TDWI | Training & Research | Business Intelligence, Analytics, Big Data, Data Warehousing

TDWI Articles

Executive Q&A: Application and Data Observability Explained

Monitoring and tracking operations and gaps is the focus of observability. We spoke to Lior Gavish, CTO and co-founder of Monte Carlo, to learn more.

By Upside Staff
February 16, 2023

What does “observability” mean in a business context? In a technical context?

Observability is a management strategy that highlights critical issues affecting the reliability or performance of a workflow, process, or system. Observability can be applied to a variety of industries, from software development and security to analytics data and supply chain management.

For Further Reading:

Unified Observability Takes the Load Off of Overworked IT Teams

Myth-Busting DataOps: What It Is (And Isn’t)

Q&A: The Fundamentals of Data Quality

In a business context, observability refers to the ability to monitor and track operations and identify performance gaps that impact revenue, the customer experience, or other bottom-line metrics. In a technical context, observability provides visibility into the end-to-end health of a system, often connected by multiple technologies.

What is application observability?

Application observability refers to the end-to-end understanding of application health across your software environment to prevent application downtime. Application downtime is a period of time during which your software is laggy, unusable, or otherwise performing poorly.

It’s easy to think of application downtime in terms of software performance and “outages” (for instance, when websites crash or software applications lag to a noticeable degree). Application observability uses metrics, traces, and logs to understand software performance, putting together a holistic picture of application health that makes it easy to identify where and how your system broke. Tools like Datadog, New Relic, and Splunk are popular commercial products that piece together these disparate operational data sources for a more comprehensive view of application reliability.

What is data observability?

Like application observability, data observability also tackles system reliability but of a slightly different variety: analytical databases.

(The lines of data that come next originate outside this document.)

lemma collinear_if_cross3f_eq_0:
  fixes S :: "('a::field ^ 3) set"
  assumes "\<forall>x\<in>S. \<forall>y\<in>S. cross3f x y = 0"
  shows "\<exists>w. \<forall>x\<in>S. \<exists>c. x = c *s w"
proof (cases "S \<subseteq> {0}")
  case True
  then show ?thesis by (intro exI[of _ 0]) auto
next
  case False
  then obtain w where "w \<in> S" "w \<noteq> 0" by blast
  then show ?thesis using assms cross3f_eq_0_imp_parallel by blast
qed

definition lincomb3 :: "'a::comm_ring_1 ^ 3 \<Rightarrow> 'a ^ 3 \<Rightarrow> 'a ^ 3 \<Rightarrow> 'a ^ 3 \<Rightarrow> 'a ^ 3" where
  "lincomb3 c p q r = c$1 *s p + c$2 *s q + c$3 *s r"

lemma lincomb3_linear:
  "lincomb3 (c + d) p q r = lincomb3 c p q r + lincomb3 d p q r"
  "lincomb3 (c - d) p q r = lincomb3 c p q r - lincomb3 d p q r"
  "lincomb3 (k *s c) p q r = k *s lincomb3 c p q r"
  by (simp_all add: lincomb3_def vec3_eq_iff algebra_simps)

text \<open>If c \<mapsto> lincomb3 c p q r is the matrix M, then c \<mapsto> lincomb3 c (q \<times> r) (r \<times> p) (p \<times> q)
  is its cofactor matrix; the next three lemmas are the classical cofactor identities.\<close>

lemma dot3_lincomb3_cofactors:
  "dot3 (lincomb3 u p q r) (lincomb3 v (cross3f q r) (cross3f r p) (cross3f p q)) =
     dot3 p (cross3f q r) * dot3 u v"
  by (simp add: lincomb3_def dot3_def algebra_simps)

lemma cross3f_lincomb3:
  "cross3f (lincomb3 u p q r) (lincomb3 u' p q r) =
     lincomb3 (cross3f u u') (cross3f q r) (cross3f r p) (cross3f p q)"
  by (simp add: lincomb3_def vec3_eq_iff algebra_simps)

lemma cross3f_lincomb3_cofactors:
  "cross3f (lincomb3 v (cross3f q r) (cross3f r p) (cross3f p q))
           (lincomb3 v' (cross3f q r) (cross3f r p) (cross3f p q)) =
     dot3 p (cross3f q r) *s lincomb3 (cross3f v v') p q r"
  by (simp add: lincomb3_def vec3_eq_iff dot3_def algebra_simps)

section \<open>The automorphism group\<close>

lemma G2I:
  fixes g :: "'a::field oct \<Rightarrow> 'a oct"
  assumes "\<And>x y. g (x + y) = g x + g y" "\<And>c x. g (c *s x) = c *s g x"
    and "\<And>x. h (g x) = x" "\<And>x. g (h x) = x"
    and "\<And>x y. g (omult x y) = omult (g x) (g y)"
  shows "g \<in> G2"
proof -
  have "Vector_Spaces.linear (*s) (*s) g"
    unfolding Vector_Spaces.linear_iff using assms(1,2) vec.vector_space_axioms by auto
  moreover have "bij g" using assms(3,4) by (intro o_bij[of h]) auto
  ultimately show ?thesis unfolding G2_def using assms(5) by auto
qed

lemma G2_linear: "g \<in> G2 \<Longrightarrow> Vector_Spaces.linear (*s) (*s) g"
  and G2_bij: "g \<in> G2 \<Longrightarrow> bij g"
  and G2_omult: "g \<in> G2 \<Longrightarrow> g (omult x y) = omult (g x) (g y)"
  unfolding G2_def by auto

lemma G2_comp: "g \<in> G2 \<Longrightarrow> h \<in> G2 \<Longrightarrow> g \<circ> h \<in> G2"
  unfolding G2_def by (auto intro: Vector_Spaces.linear_compose bij_comp)

lemma G2_inv:
  assumes "g \<in> G2"
  shows "inv g \<in> G2"
proof -
  have bij: "bij g" using assms by (rule G2_bij)
  have "Vector_Spaces.linear (*s) (*s) (inv g)"
    using vec.inj_linear_imp_inv_linear[OF G2_linear[OF assms]] bij bij_is_inj by blast
  moreover have "inv g (omult x y) = omult (inv g x) (inv g y)" for x y
  proof -
    have "g (omult (inv g x) (inv g y)) = omult x y"
      using G2_omult[OF assms] bij by (simp add: bij_is_surj surj_f_inv_f)
    then show ?thesis using bij by (metis bij_inv_eq_iff)
  qed
  ultimately show ?thesis unfolding G2_def using bij by (auto simp: bij_imp_bij_inv)
qed

lemma G2_image_subalgebra:
  assumes "g \<in> G2" "is_subalgebra A"
  shows "is_subalgebra (g ` A)"
proof -
  interpret g: Vector_Spaces.linear "(*s)" "(*s)" g by (rule G2_linear[OF assms(1)])
  have "vec.subspace (g ` A)"
    using assms(2) g.subspace_image unfolding is_subalgebra_def by blast
  moreover have "omult (g a) (g b) \<in> g ` A" if "a \<in> A" "b \<in> A" for a b
    using assms that unfolding is_subalgebra_def by (simp flip: G2_omult)
  ultimately show ?thesis unfolding is_subalgebra_def by blast
qed

lemma G2_image_dim:
  assumes "g \<in> G2"
  shows "vec.dim (g ` A) = vec.dim A"
  using G2_linear[OF assms] bij_is_inj[OF G2_bij[OF assms]]
  by (rule vec.dim_image_eq[OF _ inj_on_subset]) simp

lemma G2_subset_inv_image:
  assumes "g \<in> G2" "g ` S \<subseteq> B"
  shows "S \<subseteq> inv g ` B"
  using image_mono[OF assms(2), of "inv g"] image_inv_f_f[OF bij_is_inj[OF G2_bij[OF assms(1)]]]
  by simp

definition unip_u :: "'a::comm_ring_1 ^ 3 \<Rightarrow> 'a oct \<Rightarrow> 'a oct" where
  "unip_u a x = mkoct (oalpha x + dot3 a (ov x))
     (ou x + (obeta x - oalpha x - dot3 a (ov x)) *s a) (ov x - cross3f a (ou x)) (obeta x - dot3 a (ov x))"

definition oflip :: "'a::comm_ring_1 oct \<Rightarrow> 'a oct" where
  "oflip x = mkoct (obeta x) (- ov x) (- ou x) (oalpha x)"

definition unip_v :: "'a::comm_ring_1 ^ 3 \<Rightarrow> 'a oct \<Rightarrow> 'a oct" where
  "unip_v b = oflip \<circ> unip_u b \<circ> oflip"

lemma unip_v_apply:
  "unip_v b x = mkoct (oalpha x + dot3 b (ou x))
     (ou x - cross3f b (ov x)) (ov x + (obeta x - oalpha x - dot3 b (ou x)) *s b) (obeta x - dot3 b (ou x))"
  by (simp add: unip_v_def unip_u_def oflip_def vec3_eq_iff dot3_def algebra_simps)

lemma unip_u_G2: "unip_u a \<in> G2"
proof (rule G2I)
  show "unip_u (- a) (unip_u a x) = x" "unip_u a (unip_u (- a) x) = x" for x :: "'a oct"
    by (rule oct_eqI; simp add: unip_u_def vec3_eq_iff dot3_def algebra_simps)+
qed (rule oct_eqI; simp add: unip_u_def vec3_eq_iff dot3_def algebra_simps)+

lemma oflip_G2: "oflip \<in> G2"
proof (rule G2I)
  show "oflip (oflip x) = x" for x :: "'a oct"
    by (rule oct_eqI) (simp_all add: oflip_def)
qed (rule oct_eqI; simp add: oflip_def vec3_eq_iff dot3_def algebra_simps)+

lemma unip_v_G2: "unip_v b \<in> G2"
  unfolding unip_v_def by (intro G2_comp oflip_G2 unip_u_G2)

text \<open>The stabiliser of e1 and e2 in G2 is SL3: u1, u2, u3 go to p, q, r, and the v-part is
  transformed by the cofactor matrix, so that the pairing between u and v is preserved.\<close>

definition sl3_aut :: "'a::comm_ring_1 ^ 3 \<Rightarrow> 'a ^ 3 \<Rightarrow> 'a ^ 3 \<Rightarrow> 'a oct \<Rightarrow> 'a oct" where
  "sl3_aut p q r x = mkoct (oalpha x) (lincomb3 (ou x) p q r)
     (lincomb3 (ov x) (cross3f q r) (cross3f r p) (cross3f p q)) (obeta x)"

lemma sl3_aut_G2:
  fixes p q r :: "'a::field ^ 3"
  assumes det: "dot3 p (cross3f q r) = 1"
  shows "sl3_aut p q r \<in> G2"
proof (rule G2I)
  let ?h = "\<lambda>x. mkoct (oalpha x)
     (vector [dot3 (cross3f q r) (ou x), dot3 (cross3f r p) (ou x), dot3 (cross3f p q) (ou x)])
     (vector [dot3 p (ov x), dot3 q (ov x), dot3 r (ov x)]) (obeta x)"
  let ?D = "dot3 p (cross3f q r)"
  have "?h (sl3_aut p q r x) = mkoct (oalpha x) (?D *s ou x) (?D *s ov x) (obeta x)"
    and "sl3_aut p q r (?h x) = mkoct (oalpha x) (?D *s ou x) (?D *s ov x) (obeta x)" for x :: "'a oct"
    by (simp_all add: sl3_aut_def lincomb3_def vec3_eq_iff dot3_def algebra_simps)
  then show "?h (sl3_aut p q r x) = x" "sl3_aut p q r (?h x) = x" for x :: "'a oct"
    by (simp_all add: det mkoct_collapse)
  have dot_vu: "dot3 (lincomb3 v (cross3f q r) (cross3f r p) (cross3f p q)) (lincomb3 u p q r) = dot3 v u"
    for u v using dot3_lincomb3_cofactors[of u p q r v] det by (simp add: dot3_commute)
  show "sl3_aut p q r (omult x y) = omult (sl3_aut p q r x) (sl3_aut p q r y)" for x y :: "'a oct"
    by (rule oct_eqI; simp add: sl3_aut_def lincomb3_linear dot3_lincomb3_cofactors dot_vu
        cross3f_lincomb3[of _ p q r] cross3f_lincomb3_cofactors det)
qed (rule oct_eqI; simp add: sl3_aut_def lincomb3_linear)+

lemma sl3_frame:
  fixes u w :: "'a::field ^ 3"
  assumes "u \<noteq> 0" "w \<noteq> 0" "dot3 u w = 0"
  shows "\<exists>g\<in>G2. g e1 = e1 \<and> g e2 = e2 \<and> g (uu 1) = mkoct 0 u 0 0 \<and> g (vv 2) = mkoct 0 0 w 0"
proof -
  obtain r where r: "cross3f r u = w" using ex_cross3f_eq[OF assms(1,3)] ..
  obtain q where q: "dot3 q w = 1" using ex_dot3_eq_1[OF assms(2)] ..
  have "dot3 u (cross3f q r) = 1" using q r by (simp add: dot3_cross3f_cyclic)
  then have "sl3_aut u q r \<in> G2" by (rule sl3_aut_G2)
  moreover have "sl3_aut u q r e1 = e1" "sl3_aut u q r e2 = e2"
    "sl3_aut u q r (uu 1) = mkoct 0 u 0 0" "sl3_aut u q r (vv 2) = mkoct 0 0 w 0"
    using r unfolding uu1_eq vv2_eq by (simp_all add: sl3_aut_def lincomb3_def e1_def e2_def)
  ultimately show ?thesis by blast
qed

lemma sl3_frame_u:
  fixes u :: "'a::field ^ 3"
  assumes "u \<noteq> 0"
  shows "\<exists>g\<in>G2. g e1 = e1 \<and> g e2 = e2 \<and> g (uu 1) = mkoct 0 u 0 0"
  using sl3_frame[OF assms] ex_orthogonal_nonzero[OF assms] by blast

section \<open>Idempotents of trace one\<close>

definition onorm :: "'a::comm_ring_1 oct \<Rightarrow> 'a" where
  "onorm x = oalpha x * obeta x - dot3 (ou x) (ov x)"

text \<open>By omult_self, the elements e with otr e = 1 and onorm e = 0 are exactly the idempotents
  of trace one.\<close>

lemma omult_self: "omult x x = otr x *s x - onorm x *s (e1 + e2)"
  by (rule oct_eqI) (simp_all add: otr_def onorm_def e1_def e2_def dot3_commute algebra_simps)

lemma otr_scale: "otr (c *s x) = c * otr x"
  by (simp add: otr_def algebra_simps)

lemma onorm_scale: "onorm (c *s x) = c * c * onorm x"
  by (simp add: onorm_def dot3_def algebra_simps)

lemma G2_e1_to_idempotent_alpha_nonzero:
  fixes e :: "'a::field oct"
  assumes tr: "otr e = 1" and norm: "onorm e = 0" and alpha: "oalpha e \<noteq> 0"
  shows "\<exists>g\<in>G2. g e1 = e"
proof -
  define b where "b = (- 1 / oalpha e) *s ov e"
  have beta: "obeta e = 1 - oalpha e"
    using tr by (simp add: otr_def algebra_simps)
  have bu: "dot3 b (ou e) = - obeta e"
    using norm alpha by (simp add: b_def onorm_def dot3_def field_simps)
  have "(- 1 - dot3 b (ou e)) *s b = ov e"
    unfolding bu beta using alpha by (simp add: b_def)
  then have "unip_v b (unip_u (- ou e) e1) = e"
    by (intro oct_eqI) (simp_all add: unip_u_def unip_v_apply e1_def bu beta)
  moreover have "unip_v b \<circ> unip_u (- ou e) \<in> G2"
    by (intro G2_comp unip_u_G2 unip_v_G2)
  ultimately show ?thesis by (metis comp_apply)
qed

lemma G2_idempotent_to_alpha_nonzero:
  fixes e :: "'a::field oct"
  assumes tr: "otr e = 1" and norm: "onorm e = 0" and alpha: "oalpha e = 0"
  shows "\<exists>h\<in>G2. otr (h e) = 1 \<and> onorm (h e) = 0 \<and> oalpha (h e) \<noteq> 0"
proof -
  have beta: "obeta e = 1" using tr alpha by (simp add: otr_def)
  have uv: "dot3 (ou e) (ov e) = 0" using norm alpha by (simp add: onorm_def)
  consider "ov e \<noteq> 0" | "ov e = 0" "ou e \<noteq> 0" | "ov e = 0" "ou e = 0" by blast
  then show ?thesis
  proof cases
    case 1
    then obtain q where q: "dot3 q (ov e) = 1" using ex_dot3_eq_1 by blast
    have "otr (unip_u q e) = 1 \<and> onorm (unip_u q e) = 0 \<and> oalpha (unip_u q e) \<noteq> 0"
      using alpha beta uv q by (simp add: unip_u_def otr_def onorm_def dot3_def algebra_simps)
    then show ?thesis using unip_u_G2 by blast
  next
    case 2
    then obtain q where q: "dot3 q (ou e) = 1" using ex_dot3_eq_1 by blast
    have "otr (unip_v q e) = 1 \<and> onorm (unip_v q e) = 0 \<and> oalpha (unip_v q e) \<noteq> 0"
      using 2 alpha beta q by (simp add: unip_v_apply otr_def onorm_def)
    then show ?thesis using unip_v_G2 by blast
  next
    case 3
    have "otr (oflip e) = 1 \<and> onorm (oflip e) = 0 \<and> oalpha (oflip e) \<noteq> 0"
      using 3 alpha beta by (simp add: oflip_def otr_def onorm_def)
    then show ?thesis using oflip_G2 by blast
  qed
qed

lemma G2_e1_to_idempotent:
  fixes e :: "'a::field oct"
  assumes "otr e = 1" "onorm e = 0"
  shows "\<exists>g\<in>G2. g e1 = e"
proof (cases "oalpha e = 0")
  case True
  then obtain h where h: "h \<in> G2" "otr (h e) = 1" "onorm (h e) = 0" "oalpha (h e) \<noteq> 0"
    using G2_idempotent_to_alpha_nonzero assms by blast
  then obtain g where g: "g \<in> G2" "g e1 = h e"
    using G2_e1_to_idempotent_alpha_nonzero by blast
  have "(inv h \<circ> g) e1 = e"
    using g(2) G2_bij[OF h(1)] by (simp add: bij_is_inj)
  moreover have "inv h \<circ> g \<in> G2" using G2_comp G2_inv g(1) h(1) by blast
  ultimately show ?thesis by blast
qed (use G2_e1_to_idempotent_alpha_nonzero assms in blast)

Data observability is an organization’s ability to fully understand the health of the data in their systems. Data observability eliminates data downtime by applying best practices learned from DevOps to data pipeline observability.

Data observability tools use automated monitoring, automated root cause analysis, data lineage, and data health insights to detect, resolve, and prevent data anomalies.This leads to increased visibility into data quality issues, such as stale data, duplicate rows, or even null values, before they’re surfaced to downstream stakeholders.

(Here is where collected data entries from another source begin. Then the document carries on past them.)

(* Let $G$ be a minimal DPDP-graph and let $(D,P)$ be a DP-pair in $G$. Then: (1) $D$ is a maximal independent set in $G$. (2) The induced subgraph $G[P]$ consists of independent edges, i.e., $\delta(G[P])=\Delta(G[P])=1$. (3) If $x\in P$, then $|N_G(x)\setminus P|=1$ or $N_G(x)\setminus P$ is a nonempty subset of the set $L_G$ of leaves of $G$. (4) $G$ is a 2-subdivision graph $S_2(H)$ of some graph $H$ (without isolated vertices, with respect to some function $\alpha$).
   Context: Graphs are finite and may have multiple edges and loops. A leaf is a vertex of degree one. A set $D\subseteq V(G)$ is dominating if every vertex outside $D$ has a neighbor in $D$; $P$ is paired-dominating if it is dominating and the subgraph induced by $P$ has a perfect matching. A DP-pair of $G$ is a pair $(D,P)$ of disjoint sets with $V(G)=D\cup P$, $D$ dominating and $P$ paired-dominating. A DPDP-graph is a graph with a DP-pair; a minimal DPDP-graph is a DPDP-graph no proper spanning subgraph of which is a DPDP-graph. 2-subdivision graph: for a graph $H$ with no isolated vertex, set of leaves $L_H$, and $\alpha:L_H\to\mathbb{N}=\{1,2,\dots\}$, $S_2(H)$ has vertex set $(V_H\setminus L_H)\cup\{(v,i): v\in L_H, 1\le i\le \alpha(v)\}$ together with two new vertices for each edge $e$ of $H$ ($u_e,v_e$ if $e$ joins $u\ne v$; $v_e^1,v_e^2$ if $e$ is a loop at $v$). Its edges are: the edge joining the two new vertices of each $e$; for $v\in V_H\setminus L_H$, $vv_e$ for each non-loop edge $e$ at $v$ and $vv_e^1,vv_e^2$ for each loop $e$ at $v$; for $v\in L_H$ with incident edge $e$, the edges $v_e(v,i)$, $1\le i\le\alpha(v)$. *)

theory Defs
  imports Main
begin

text \<open>Finite multigraphs with loops. Each edge has an (arbitrarily oriented)
pair of end vertices; the graph is undirected, orientation carries no meaning.
A loop is an edge whose two ends coincide.\<close>

record ('v,'e) mgraph =
  verts :: "'v set"
  edges :: "'e set"
  ends  :: "'e \<Rightarrow> 'v \<times> 'v"

definition wf_mgraph :: "('v,'e) mgraph \<Rightarrow> bool" where
  "wf_mgraph G \<longleftrightarrow> finite (verts G) \<and> finite (edges G) \<and>
     (\<forall>e\<in>edges G. fst (ends G e) \<in> verts G \<and> snd (ends G e) \<in> verts G)"

text \<open>Degree: loops count twice.\<close>
definition deg :: "('v,'e) mgraph \<Rightarrow> 'v \<Rightarrow> nat" where
  "deg G v = card {e\<in>edges G. fst (ends G e) = v} + card {e\<in>edges G. snd (ends G e) = v}"

definition leaves :: "('v,'e) mgraph \<Rightarrow> 'v set" where
  "leaves G = {v\<in>verts G. deg G v = 1}"

definition adj :: "('v,'e) mgraph \<Rightarrow> 'v \<Rightarrow> 'v \<Rightarrow> bool" where
  "adj G u v \<longleftrightarrow> (\<exists>e\<in>edges G. ends G e = (u,v) \<or> ends G e = (v,u))"

definition nbhd :: "('v,'e) mgraph \<Rightarrow> 'v \<Rightarrow> 'v set" where
  "nbhd G v = {u\<in>verts G. adj G v u}"

definition induced :: "('v,'e) mgraph \<Rightarrow> 'v set \<Rightarrow> ('v,'e) mgraph" where
  "induced G S = \<lparr>verts = S,
     edges = {e\<in>edges G. fst (ends G e) \<in> S \<and> snd (ends G e) \<in> S},
     ends = ends G\<rparr>"

definition dominating :: "('v,'e) mgraph \<Rightarrow> 'v set \<Rightarrow> bool" where
  "dominating G D \<longleftrightarrow> D \<subseteq> verts G \<and> (\<forall>v\<in>verts G - D. \<exists>u\<in>D. adj G v u)"

definition perfect_matching_induced :: "('v,'e) mgraph \<Rightarrow> 'v set \<Rightarrow> 'e set \<Rightarrow> bool" where
  "perfect_matching_induced G P M \<longleftrightarrow> M \<subseteq> edges G \<and>
     (\<forall>e\<in>M. fst (ends G e) \<in> P \<and> snd (ends G e) \<in> P \<and> fst (ends G e) \<noteq> snd (ends G e)) \<and>
     (\<forall>e\<in>M. \<forall>e'\<in>M. e \<noteq> e' \<longrightarrow>
        {fst (ends G e), snd (ends G e)} \<inter> {fst (ends G e'), snd (ends G e')} = {}) \<and>
     (\<forall>x\<in>P. \<exists>e\<in>M. x = fst (ends G e) \<or> x = snd (ends G e))"

definition paired_dominating :: "('v,'e) mgraph \<Rightarrow> 'v set \<Rightarrow> bool" where
  "paired_dominating G P \<longleftrightarrow> dominating G P \<and> (\<exists>M. perfect_matching_induced G P M)"

definition dp_pair :: "('v,'e) mgraph \<Rightarrow> 'v set \<Rightarrow> 'v set \<Rightarrow> bool" where
  "dp_pair G D P \<longleftrightarrow> D \<inter> P = {} \<and> D \<union> P = verts G \<and> dominating G D \<and> paired_dominating G P"

definition dpdp_graph :: "('v,'e) mgraph \<Rightarrow> bool" where
  "dpdp_graph G \<longleftrightarrow> (\<exists>D P. dp_pair G D P)"

definition minimal_dpdp_graph :: "('v,'e) mgraph \<Rightarrow> bool" where
  "minimal_dpdp_graph G \<longleftrightarrow> dpdp_graph G \<and>
     (\<forall>E'. E' \<subset> edges G \<longrightarrow> \<not> dpdp_graph (G\<lparr>edges := E'\<rparr>))"

definition independent :: "('v,'e) mgraph \<Rightarrow> 'v set \<Rightarrow> bool" where
  "independent G S \<longleftrightarrow> S \<subseteq> verts G \<and> (\<forall>u\<in>S. \<forall>v\<in>S. \<not> adj G u v)"

definition maximal_independent :: "('v,'e) mgraph \<Rightarrow> 'v set \<Rightarrow> bool" where
  "maximal_independent G S \<longleftrightarrow> independent G S \<and>
     (\<forall>T. independent G T \<and> S \<subseteq> T \<longrightarrow> T = S)"

definition mg_iso :: "('v,'e) mgraph \<Rightarrow> ('w,'f) mgraph \<Rightarrow> bool" where
  "mg_iso G K \<longleftrightarrow> (\<exists>f g. bij_betw f (verts G) (verts K) \<and> bij_betw g (edges G) (edges K) \<and>
     (\<forall>e\<in>edges G. ends K (g e) = (f (fst (ends G e)), f (snd (ends G e))) \<or>
                  ends K (g e) = (f (snd (ends G e)), f (fst (ends G e)))))"

text \<open>For an edge e of H with ends (u,w), the two new
vertices are New e True (attached to u) and New e False (attached to w); for a
loop (u = w) these are v_e^1, v_e^2. A leaf v is replaced by copies LCopy v i,
1 <= i <= alpha v.\<close>

datatype ('a,'b) s2vert = Old 'a | LCopy 'a nat | New 'b bool
datatype ('a,'b) s2edge = EMid 'b | EAtt 'b bool | ELeaf 'b bool nat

Why are so many enterprises starting to focus on data observability?

It has been the job of companies’ software engineering teams to focus on applicationobservability for the better part of two decades. Now, given organizations’ heavy reliance on data, it is the responsibility of data teams to track, resolve, and prevent what we refer to as data downtime, in other words, periods of time when data is missing, erroneous, or otherwise inaccurate. According to a 2022 survey conducted by Wakefield Research, data teams spend 30 to 50 percent of their time tackling data downtime and other data quality issues.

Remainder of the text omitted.